Le Collectif

Lettre d'excuses du Collectif des femmes assassinées, mais pas rancunières

 

Notre collectif a été très désagréablement surpris de la présence d’une association aussi peu féministe qu’Act-Up à la manifestation du 8 mars 2005, journée internationale des luttes des femmes, et ce d’autant plus que ce groupe fermait le cortège en arborant une banderole à notre encontre : "Séropositives. Ni victimes, ni coupables".

"Encore un mauvais coup de ces machos act-upiens ! Encore cette mauvaise foi machiste qui voudrait nous culpabiliser de ne pas être passives, de ne pas nous laisser piétiner !", avions-nous pensé.

En effet, par cette position, les militants d’Act-Up nous nient le droit de faire reconnaître que notre vie n’est pas quantité négligeable et prétendent prôner l’égale responsabilité des deux partenaires sexuels lors de la transmission du VIH.

Que font-ils de la domination masculine ? Que font-ils de la confiance qui s’instaure entre deux personnes au fil des années ? Que font-ils des différences d’âges, d’expérience, de situations sociales,.. qui sont autant d’ascendants potentiels sur l’autre ? Que font-ils des cas de viol ?

Cependant, renseignements pris, nous avons constaté que le Mouvement Français pour le Planning Familial soutenait les mêmes propos. Nous avons donc pris la peine de réfléchir deux secondes.

Si le MFPF, une association féministe qui œuvre sur le terrain pour les droits des femmes depuis presque un demi-siècle, prenait une telle position, il nous fallait en effet reconsidérer la situation.

Nous étions-nous laissées emporter par une colère injustifiée, par ce processus de victimisation si propre aux femmes ?

Rejoignions-nous le cortège interminable de ces femmes victimisantes qui refusent de reconnaître leur propre responsabilité dans leur viol – même quand elles sortent après le couvre-feu, même quand elles ont laissé entrer ce voisin qu’elles connaissaient à peine chez elles, même quand elles osent s’approprier l’espace public, même quand elles refusent un rapport sexuel à leur mari ?

De ces femmes victimisantes qui n’assument pas la responsabilité de leur harcèlement sexuel – même lorsqu’elles sont brillantes, même lorsqu’elles sont séduisantes, même lorsqu’elles prennent le risquent d’avoir une vie professionnelle ?

De ces femmes victimisantes qui refusent de partager la responsabilité des violences que leur conjoint exercent contre elles – même quand elles leur tiennent tête, même quand elles ne leur obéissent pas au doigt et à l’œil, même quand elles font montre d’indépendance ?

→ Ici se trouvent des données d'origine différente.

theorem maximal_monotone_minty:
  fixes B :: "'a::{real_inner,complete_space} \<Rightarrow> 'a set"
  assumes "maximal_monotone B"
  shows "\<exists>x. - x \<in> B x"
proof -
  let ?E = "fitzpatrick_epigraph B"
  have mono: "monotone_op B" using assms by (rule maximal_monotone_imp_monotone)
  have "?E \<noteq> {}"
    using maximal_monotone_graph_nonempty[OF assms] graph_in_fitzpatrick_epigraph[OF mono] by blast
  moreover have "0 \<le> M + (norm p)\<^sup>2 / 2" if "(p, M) \<in> ?E" for p M
    using fitzpatrick_epigraph_quadratic_nonneg[OF assms] that by (cases p) auto
  ultimately obtain p0 M0 where p0: "(p0, M0) \<in> ?E"
    and minimum: "\<And>p M. (p, M) \<in> ?E \<Longrightarrow> M0 + (norm p0)\<^sup>2 / 2 \<le> M + (norm p)\<^sup>2 / 2"
    using closed_convex_epigraph_quadratic_minimum[OF convex_fitzpatrick_epigraph
        closed_fitzpatrick_epigraph] by blast
  obtain x0 u0 where x0u0: "p0 = (x0, u0)" by fastforce
  have inner_le: "inner x0 u0 \<le> M0"
    using fitzpatrick_epigraph_inner_le[OF assms] p0 x0u0 by simp
  have variational: "M0 \<le> inner y v + inner x0 (y - x0) + inner u0 (v - u0)" if "v \<in> B y" for y v
    using epigraph_quadratic_minimum_variational_ineq[OF convex_fitzpatrick_epigraph p0 minimum
        graph_in_fitzpatrick_epigraph[OF mono that]]
    by (simp add: x0u0)
  have "- x0 \<in> B (- u0)"
  proof (rule maximal_monotoneD[OF assms])
    fix y v assume "v \<in> B y"
    from variational[OF this] inner_le show "0 \<le> inner (- x0 - v) (- u0 - y)"
      using inner_ge_zero[of "x0 + u0"]
      by (simp add: inner_commute algebra_simps)
  qed
  from variational[OF this] inner_le have "inner (x0 + u0) (x0 + u0) \<le> 0"
    by (simp add: inner_commute algebra_simps)
  then have "x0 + u0 = 0" by (metis inner_eq_zero_iff inner_ge_zero order_antisym)
  then have "u0 = - x0" by (simp add: add_eq_0_iff)
  with \<open>- x0 \<in> B (- u0)\<close> show ?thesis by auto
qed

lemma maximal_monotone_scaled_shift:
  assumes "maximal_monotone B" "0 < \<alpha>"
  shows "maximal_monotone (\<lambda>x. (\<lambda>v. \<alpha> *\<^sub>R v) ` B (x + z))"
  unfolding maximal_monotone_def monotone_op_def
proof safe
  have mono: "monotone_op B" using assms(1) by (rule maximal_monotone_imp_monotone)
  fix x y b c assume "b \<in> B (x + z)" "c \<in> B (y + z)"
  from monotone_opD[OF mono this] have "0 \<le> \<alpha> * inner (b - c) (x - y)"
    using assms(2) by simp
  then show "0 \<le> inner (\<alpha> *\<^sub>R b - \<alpha> *\<^sub>R c) (x - y)"
    by (simp add: scaleR_diff_right[symmetric])
next
  fix x u
  assume h: "\<forall>y v. v \<in> (\<lambda>v. \<alpha> *\<^sub>R v) ` B (y + z) \<longrightarrow> 0 \<le> inner (u - v) (x - y)"
  have "(1 / \<alpha>) *\<^sub>R u \<in> B (x + z)"
  proof (rule maximal_monotoneD[OF assms(1)])
    fix y c assume "c \<in> B y"
    then have "\<alpha> *\<^sub>R c \<in> (\<lambda>v. \<alpha> *\<^sub>R v) ` B ((y - z) + z)" by auto
    then have "0 \<le> inner (u - \<alpha> *\<^sub>R c) (x - (y - z))" using h by blast
    also have "u - \<alpha> *\<^sub>R c = \<alpha> *\<^sub>R ((1 / \<alpha>) *\<^sub>R u - c)"
      using assms(2) by (simp add: algebra_simps)
    finally have "0 \<le> \<alpha> * inner ((1 / \<alpha>) *\<^sub>R u - c) (x + z - y)"
      by (simp only: inner_scaleR_left diff_diff_eq2)
    then show "0 \<le> inner ((1 / \<alpha>) *\<^sub>R u - c) (x + z - y)"
      using assms(2) by (simp add: zero_le_mult_iff)
  qed
  moreover have "u = \<alpha> *\<^sub>R ((1 / \<alpha>) *\<^sub>R u)" using assms(2) by simp
  ultimately show "u \<in> (\<lambda>v. \<alpha> *\<^sub>R v) ` B (x + z)" by blast
qed
lemma epartner_arc:
  assumes visit: "(walk ^^ first_visit) (i, False) = (j, True)" and "x \<in> arc"
  shows "epartner i j x \<in> arc"
  using \<open>x \<in> arc\<close> unfolding arc_def
proof (elim UnE CollectE exE conjE)
  fix m assume x: "x = (walk ^^ m) (i, False)" and "0 < m" "m \<le> first_visit"
  show "epartner i j x \<in> {(walk ^^ m) (i, False) |m. 0 < m \<and> m \<le> first_visit}
      \<union> {vpartner ((walk ^^ m) (i, False)) |m. m < first_visit}"
  proof (cases "m = first_visit")
    case True
    then have "epartner i j x = vpartner ((walk ^^ 0) (i, False))"
      using x visit i_neq_j by (simp add: epartner_def)
    then show ?thesis
      using first_visit_pos by blast
  next
    case False
    then have "epartner i j x = vpartner ((walk ^^ m) (i, False))" and "m < first_visit"
      using x epartner_before_first_visit \<open>0 < m\<close> \<open>m \<le> first_visit\<close> by simp_all
    then show ?thesis
      by blast
  qed
next
  fix m assume x: "x = vpartner ((walk ^^ m) (i, False))" and "m < first_visit"
  show "epartner i j x \<in> {(walk ^^ m) (i, False) |m. 0 < m \<and> m \<le> first_visit}
      \<union> {vpartner ((walk ^^ m) (i, False)) |m. m < first_visit}"
  proof (cases "m = 0")
    case True
    then have "epartner i j x = (walk ^^ first_visit) (i, False)"
      using x visit by (simp add: epartner_def)
    then show ?thesis
      using first_visit_pos by blast
  next
    case False
    then have "fst x \<noteq> i" and "fst x \<noteq> j"
      using x column_before_first_visit[of m] \<open>m < first_visit\<close> by (simp_all add: vpartner_def)
    then have "epartner i j x = (walk ^^ m) (i, False)"
      using x by (simp add: epartner_def)
    then show ?thesis
      using False \<open>m < first_visit\<close> by auto
  qed
qed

De ces femmes victimisantes qui récriminent pour tout et pour rien : pour un viol ou pour un licenciement abusif, pour une main aux fesses ou pour une insulte, au lieu d’être ce qu’on leur demande : silencieuses et soumises ?

Que propose donc le MFPF ?

Toujours fidèle à son rôle de mouvement d’éducation populaire, cette association propose essentiellement d’agir sur le champ de la prévention, mais en développant une idée originale : « la prévention ne peut fonctionner avec la contrainte, la répression ».

Nous ne doutons plus que le MFPF militera bientôt pour la dépénalisation du viol et de toutes les autres agressions exercées contre les femmes.

Puisqu’il n’y a ni coupable, ni victime, mais uniquement un système d’oppression à déconstruire. Puisqu’il n’y a de responsabilité que collective, et non individuelle. Puisqu’il nous suffit d’attendre patiemment que nos oppresseurs et nos agresseurs acceptent de ne plus l’être, pourquoi les réprimer ? Pourquoi vouloir essayer de les arrêter et préserver leurs futures victimes ? Pourquoi tenter de faire respecter nos vies qui n’ont que si peu d’importance face aux progrès dont les hommes sont potentiellement capables ?

Même s’il faut attendre quelques dizaines de milliers d’années, le jeu en vaut la chandelle. Nous ne regrettons qu’une chose : être nées trop tôt ! Mais de cela, seules nos mères sont fautives, et non pas ces hommes qui nous ont entraînées dans leur mort.

Messieurs d’Act-Up, pour avoir d’abord pensé que vos positions n’étaient inspirées que par votre machisme, nous nous excusons auprès de vous.

Mesdames du MFPF, nous vous remercions de nous avoir ouvert les yeux et le cœur.

Le Collectif des femmes assassinées, mais pas rancunières

Avec le soutien :

Le collectif des femmes indiennes brûlées vives sur le bûcher de leur défunt mari, heureuses d’avoir fini en beauté ;

Le collectif des femmes suicidées par leur mari avant que ceux-ci ne se donnent la mort, reconnaissantes de ne pas avoir été consultées sur le sujet.